(* Let $q$ be a prime power and $h\geq 2$ an integer. Then for each $t\in\{2,3\}$ there exists a $t$-fold blocking set of size $t(q^h+q^{h-1}+1)$ in $\mathrm{PG}(2,q^h)$.
   Context: $\mathrm{PG}(2,q^h)$ denotes the Desarguesian projective plane over $\mathbb{F}_{q^h}$. A $t$-fold blocking set is a set of points meeting every line in at least $t$ points. *)

theory Defs
  imports "HOL-Computational_Algebra.Primes"
begin

text \<open>A point is a 1-dimensional subspace of F^3 minus zero, represented as the set of all
 nonzero scalar multiples of a nonzero vector.\<close>

definition pg_point :: "'a::field \<times> 'a \<times> 'a \<Rightarrow> ('a \<times> 'a \<times> 'a) set" where
  "pg_point v = {(c * fst v, c * fst (snd v), c * snd (snd v)) | c. c \<noteq> 0}"

definition pg_points :: "('a::field \<times> 'a \<times> 'a) set set" where
  "pg_points = {pg_point v | v. v \<noteq> (0,0,0)}"

definition pg_line :: "'a::field \<times> 'a \<times> 'a \<Rightarrow> ('a \<times> 'a \<times> 'a) set set" where
  "pg_line u = {P \<in> pg_points. \<forall>(x,y,z)\<in>P.
      fst u * x + fst (snd u) * y + snd (snd u) * z = 0}"

definition pg_lines :: "('a::field \<times> 'a \<times> 'a) set set set" where
  "pg_lines = {pg_line u | u. u \<noteq> (0,0,0)}"

definition t_fold_blocking_set :: "nat \<Rightarrow> ('a::field \<times> 'a \<times> 'a) set set \<Rightarrow> bool" where
  "t_fold_blocking_set t B \<longleftrightarrow>
     B \<subseteq> (pg_points :: ('a \<times> 'a \<times> 'a) set set) \<and>
     (\<forall>L \<in> (pg_lines :: ('a \<times> 'a \<times> 'a) set set set). card (B \<inter> L) \<ge> t)"

definition prime_power :: "nat \<Rightarrow> bool" where
  "prime_power q \<longleftrightarrow> (\<exists>p k. prime p \<and> k \<ge> 1 \<and> q = p ^ k)"

end

(*
  Let K = GF(q) be the subfield of F = GF(q^h) fixed by x |-> x^q and Tr the trace from F
  to K.  For r outside K, the function f(x) = r Tr(x) + 1 determines at most q^(h-1) + 1
  directions, since (f x - f y) / (x - y) = r Tr(z) / z with z = x - y.  So the affine points
  (x, f x, 1) together with these directions at infinity form a Redei blocking set of at
  most q^h + q^(h-1) + 1 points.

  The collineation rho(x, y, z) = (z, a x, b y) satisfies rho^3 = a b, so it has order three
  on points, and it suffices to choose a = s / w and b = s such that rho maps no point of the
  blocking set into it: then the set and its two images are pairwise disjoint, and the union
  of t of them is a t-fold blocking set, padded with arbitrary points to the exact size.
  The only delicate case is an affine point sent to an affine point.  Taking traces, with
  Tr(w r) = 0, turns it into the equation k = Tr(w r^2) k sigma(k) + Tr(w) for k = Tr(x) in K,
  where sigma(k) = Tr(1 / (s (r k + 1))).  The nondegeneracy of the trace form gives w1 with
  Tr(w1) = 1, Tr(w1 r) = 0 and beta = Tr(w1 r^2) nonzero; for w = e w1 the equation reads
  k = e (beta k sigma(k) + 1).  Choosing s with beta sigma(1) = -1 rules out k = 1, which
  leaves fewer than |K| values e = k / (beta k sigma(k) + 1) to avoid, so a good e in K exists.
*)
theory Submission
  imports Defs "HOL-Number_Theory.Residues" "HOL-Computational_Algebra.Polynomial"
    "HOL-Library.Disjoint_Sets"
begin

section \<open>Points, lines and multiple blocking sets\<close>

definition smult3 :: "'a::field \<Rightarrow> 'a \<times> 'a \<times> 'a \<Rightarrow> 'a \<times> 'a \<times> 'a" where
  "smult3 c v = (c * fst v, c * fst (snd v), c * snd (snd v))"

definition inner3 :: "'a::field \<times> 'a \<times> 'a \<Rightarrow> 'a \<times> 'a \<times> 'a \<Rightarrow> 'a" where
  "inner3 u v = fst u * fst v + fst (snd u) * fst (snd v) + snd (snd u) * snd (snd v)"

* [What to work on]: Please give an exact copy of the lines above, beginning with the line containing "theory Submission" and running through the line containing "v = (c * fst", and of no other lines.

* [Answer box]:
theory Submission
  imports Defs "HOL-Number_Theory.Residues" "HOL-Computational_Algebra.Polynomial"
    "HOL-Library.Disjoint_Sets"
begin

section \<open>Points, lines and multiple blocking sets\<close>

definition smult3 :: "'a::field \<Rightarrow> 'a \<times> 'a \<times> 'a \<Rightarrow> 'a \<times> 'a \<times> 'a" where
  "smult3 c v = (c * fst v, c * fst (snd v), c * snd (snd v))"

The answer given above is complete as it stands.